-------- EXTRACTED ENTRIES --------
lemma partition_of_mset_pair_in_Pset:
  assumes s0: "s 0 = -1" and AB: "(A, B) \<in> part_multisets s"
  shows "(partition_of_mset A, partition_of_mset B) \<in> Pset s 0 (-1)"
    and "parts_pair (partition_of_mset A, partition_of_mset B) = (A, B)"
proof -
  have A0: "0 \<notin># A" and sz: "size A = size B"
    and rep_A: "\<forall>v. 2 \<le> count A v \<longrightarrow> s (int v) = -1"
    and rep_B: "\<forall>v. 2 \<le> count B v \<longrightarrow> s (- int v) = -1"
    using AB by (auto simp: part_multisets_def)
  have nz: "partition_of_mset A j \<noteq> 0 \<longleftrightarrow> j < size A" for j
    by (rule partition_of_mset_nonzero_iff[OF A0])
  have vanish: "partition_of_mset M j = 0" if "size M \<le> j" for M j
    using that by (simp add: partition_of_mset_def)
  have "num_parts (partition_of_mset A) = size A"
    using nz by (simp add: num_parts_def)
  then show "parts_pair (partition_of_mset A, partition_of_mset B) = (A, B)"
    using sz parts_mset_partition_of_mset[of A] parts_mset_partition_of_mset[of B]
    by (simp add: parts_pair_def)
  have "\<forall>j. partition_of_mset A j = partition_of_mset A (Suc j) \<longrightarrow> s (int (partition_of_mset A j)) = -1"
    using repeated_parts_iff[of "partition_of_mset A" "size A" "\<lambda>v. s (int v) = -1"] rep_A s0
    by (simp add: partition_of_mset_antimono vanish parts_mset_partition_of_mset)
  moreover have "\<forall>j. partition_of_mset B j = partition_of_mset B (Suc j) \<longrightarrow> s (- int (partition_of_mset B j)) = -1"
    using repeated_parts_iff[of "partition_of_mset B" "size B" "\<lambda>v. s (- int v) = -1"] rep_B s0
    by (simp add: partition_of_mset_antimono vanish parts_mset_partition_of_mset)
  moreover have "\<forall>j. partition_of_mset A j = 0 \<longrightarrow> partition_of_mset B j = 0"
    using nz sz vanish by (metis not_less)
  ultimately show "(partition_of_mset A, partition_of_mset B) \<in> Pset s 0 (-1)"
    by (simp add: Pset_zero_iff[where s = s, OF s0] partition_seq_partition_of_mset)
qed

lemma bij_betw_parts_pair:
  assumes s0: "s 0 = -1"
  shows "bij_betw parts_pair (Pset s 0 (-1)) (part_multisets s)"
proof (rule bij_betw_byWitness[where f' = "\<lambda>(A, B). (partition_of_mset A, partition_of_mset B)"])
  show "\<forall>p\<in>Pset s 0 (-1). (\<lambda>(A, B). (partition_of_mset A, partition_of_mset B)) (parts_pair p) = p"
  proof (clarify)
    fix lam mu assume P: "(lam, mu) \<in> Pset s 0 (-1)"
    then have lam: "partition_seq lam" and mu: "partition_seq mu" and "\<forall>j. lam j = 0 \<longrightarrow> mu j = 0"
      by (simp_all add: Pset_zero_iff[where s = s, OF s0])
    then have "lam j = 0" "mu j = 0" if "num_parts lam \<le> j" for j
      using that partition_seq_nonzero_iff[OF lam, of j] by auto
    then show "(\<lambda>(A, B). (partition_of_mset A, partition_of_mset B)) (parts_pair (lam, mu)) = (lam, mu)"
      using lam mu by (simp add: parts_pair_def partition_of_mset_parts_mset partition_seq_def)
  qed
qed (use assms parts_pair_in_part_multisets partition_of_mset_pair_in_Pset in auto)

section \<open>Splitting a multiset into residue classes\<close>

definition class_coding ::
    "nat \<Rightarrow> (nat \<Rightarrow> nat \<Rightarrow> nat) \<Rightarrow> (nat \<Rightarrow> nat) \<Rightarrow> (nat \<Rightarrow> nat) \<Rightarrow> nat set \<Rightarrow> bool" where
  "class_coding N enc cls quo D \<longleftrightarrow>
     (\<forall>j<N. \<forall>q. enc j q \<in> D \<and> cls (enc j q) = j \<and> quo (enc j q) = q)
     \<and> (\<forall>v\<in>D. cls v < N \<and> enc (cls v) (quo v) = v)"

definition split_classes ::
    "nat \<Rightarrow> (nat \<Rightarrow> nat) \<Rightarrow> (nat \<Rightarrow> nat) \<Rightarrow> nat multiset \<Rightarrow> nat \<Rightarrow> nat multiset" where
  "split_classes N cls quo X = restrict (\<lambda>j. image_mset quo (filter_mset (\<lambda>v. cls v = j) X)) {..<N}"

definition join_classes :: "nat \<Rightarrow> (nat \<Rightarrow> nat \<Rightarrow> nat) \<Rightarrow> (nat \<Rightarrow> nat multiset) \<Rightarrow> nat multiset" where
  "join_classes N enc T = (\<Sum>j<N. image_mset (enc j) (T j))"

lemma sum_mset_image_join_classes:
  "sum_mset (image_mset w (join_classes N enc T)) = (\<Sum>j<N. sum_mset (image_mset (\<lambda>q. w (enc j q)) (T j)))"
  by (induction N) (simp_all add: join_classes_def multiset.map_comp comp_def)

lemma sum_mset_image_add_const: "sum_mset (image_mset (\<lambda>q. q + k) X) = sum_mset X + k * size (X :: nat multiset)"
  by (induction X) auto

lemma split_classes_extensional: "split_classes N cls quo X \<in> extensional {..<N}"
  by (simp add: split_classes_def)

context
  fixes N enc cls quo D
  assumes coding: "class_coding N enc cls quo D"
begin

lemma count_image_mset_code:
  assumes "j < N"
  shows "count (image_mset (enc j) M) v = (if v \<in> D \<and> cls v = j then count M (quo v) else 0)"
proof -
  have "enc j -` {v} = (if v \<in> D \<and> cls v = j then {quo v} else {})"
    using coding assms unfolding class_coding_def by (auto; metis)+
  then show ?thesis
    by (cases "quo v \<in># M") (simp_all add: count_image_mset not_in_iff)
qed

lemma count_join_classes:
  "count (join_classes N enc T) v = (if v \<in> D then count (T (cls v)) (quo v) else 0)"
proof -
  have "count (join_classes N enc T) v = (\<Sum>j<N. if v \<in> D \<and> cls v = j then count (T j) (quo v) else 0)"
    by (simp add: join_classes_def count_sum count_image_mset_code)
  also have "\<dots> = (if v \<in> D then count (T (cls v)) (quo v) else 0)"
    using coding by (auto simp: class_coding_def)
  finally show ?thesis .
qed

lemma set_join_classes: "set_mset (join_classes N enc T) \<subseteq> D"
proof
  fix v assume "v \<in># join_classes N enc T"
  then have "count (join_classes N enc T) v \<noteq> 0" by simp
  then show "v \<in> D" by (simp add: count_join_classes split: if_splits)
qed

lemma count_split_classes:
  assumes "set_mset X \<subseteq> D" "j < N"
  shows "count (split_classes N cls quo X j) q = count X (enc j q)"
proof -
  have "quo -` {q} \<inter> set_mset (filter_mset (\<lambda>v. cls v = j) X) = (if enc j q \<in># X then {enc j q} else {})"
    using coding assms unfolding class_coding_def by auto
  moreover have "cls (enc j q) = j" using coding assms(2) by (simp add: class_coding_def)
  ultimately show ?thesis
    using assms by (simp add: split_classes_def count_image_mset not_in_iff)
qed

lemma join_split_classes:
  assumes "set_mset X \<subseteq> D"
  shows "join_classes N enc (split_classes N cls quo X) = X"
proof (rule multiset_eqI)
  fix v
  show "count (join_classes N enc (split_classes N cls quo X)) v = count X v"
  proof (cases "v \<in> D")
    case True
    then show ?thesis
      using coding assms by (simp add: count_join_classes count_split_classes class_coding_def)
  next
    case False
    then show ?thesis using assms by (auto simp: count_join_classes not_in_iff)
  qed
qed

lemma split_join_classes:
  assumes "T \<in> extensional {..<N}"
  shows "split_classes N cls quo (join_classes N enc T) = T"
proof
  fix j
  show "split_classes N cls quo (join_classes N enc T) j = T j"
  proof (cases "j < N")
    case True
    then show ?thesis
      using coding
      by (simp add: multiset_eq_iff count_split_classes set_join_classes count_join_classes class_coding_def)
  next
    case False
    then show ?thesis using assms by (simp add: split_classes_def extensional_def)
  qed
qed

lemma bij_betw_split_classes:
  "bij_betw (split_classes N cls quo) {X. set_mset X \<subseteq> D} (extensional {..<N})"
  by (rule bij_betw_byWitness[where f' = "join_classes N enc"])
    (use set_join_classes in \<open>auto simp: join_split_classes split_join_classes split_classes_extensional\<close>)

lemma repeats_split_classes_iff:
  assumes X: "set_mset X \<subseteq> D" and P: "\<And>j q. j < N \<Longrightarrow> P (enc j q) \<longleftrightarrow> \<not> strict j"
  shows "(\<forall>v. 2 \<le> count X v \<longrightarrow> P v)
    \<longleftrightarrow> (\<forall>j<N. strict j \<longrightarrow> (\<forall>q. count (split_classes N cls quo X j) q \<le> 1))"
proof
  assume rep: "\<forall>v. 2 \<le> count X v \<longrightarrow> P v"
  show "\<forall>j<N. strict j \<longrightarrow> (\<forall>q. count (split_classes N cls quo X j) q \<le> 1)"
  proof (intro allI impI)
    fix j q assume j: "j < N" and "strict j"
    show "count (split_classes N cls quo X j) q \<le> 1"
    proof (rule ccontr)
      assume "\<not> count (split_classes N cls quo X j) q \<le> 1"
      then have "2 \<le> count X (enc j q)" using count_split_classes[OF X j] by simp
      then have "P (enc j q)" using rep by blast
      with P[OF j] \<open>strict j\<close> show False by simp
    qed
  qed
next
  assume split: "\<forall>j<N. strict j \<longrightarrow> (\<forall>q. count (split_classes N cls quo X j) q \<le> 1)"
  show "\<forall>v. 2 \<le> count X v \<longrightarrow> P v"
  proof (intro allI impI)
    fix v assume v: "2 \<le> count X v"
    then have "v \<in># X" by (simp flip: count_greater_zero_iff)
    then have "v \<in> D" using X by blast
    then have "cls v < N" and v_code: "enc (cls v) (quo v) = v" using coding by (auto simp: class_coding_def)
    have two: "2 \<le> count (split_classes N cls quo X (cls v)) (quo v)"
      using v X \<open>cls v < N\<close> by (simp add: count_split_classes v_code)
    have "\<not> strict (cls v)"
    proof
      assume "strict (cls v)"
      then have "count (split_classes N cls quo X (cls v)) (quo v) \<le> 1"
        using split \<open>cls v < N\<close> by blast
      with two show False by simp
    qed
    then show "P v" using P[OF \<open>cls v < N\<close>, of "quo v"] by (simp add: v_code)
  qed
qed

lemma size_split_classes:
  assumes "set_mset X \<subseteq> D"
  shows "size X = (\<Sum>j<N. size (split_classes N cls quo X j))"
  using arg_cong[OF join_split_classes[OF assms], of size] by (simp add: join_classes_def)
--------
--- TASK INSTRUCTIONS ---
Return, word for word, the lines of the data above from the line with "then show ?thesis using assms by (auto" through the line with "< N \<Longrightarrow>", inclusive.

--- ANSWER ---
    then show ?thesis using assms by (auto simp: count_join_classes not_in_iff)
  qed
qed

lemma split_join_classes:
  assumes "T \<in> extensional {..<N}"
  shows "split_classes N cls quo (join_classes N enc T) = T"
proof
  fix j
  show "split_classes N cls quo (join_classes N enc T) j = T j"
  proof (cases "j < N")
    case True
    then show ?thesis
      using coding
      by (simp add: multiset_eq_iff count_split_classes set_join_classes count_join_classes class_coding_def)
  next
    case False
    then show ?thesis using assms by (simp add: split_classes_def extensional_def)
  qed
qed

lemma bij_betw_split_classes:
  "bij_betw (split_classes N cls quo) {X. set_mset X \<subseteq> D} (extensional {..<N})"
  by (rule bij_betw_byWitness[where f' = "join_classes N enc"])
    (use set_join_classes in \<open>auto simp: join_split_classes split_join_classes split_classes_extensional\<close>)

lemma repeats_split_classes_iff:
  assumes X: "set_mset X \<subseteq> D" and P: "\<And>j q. j < N \<Longrightarrow> P (enc j q) \<longleftrightarrow> \<not> strict j"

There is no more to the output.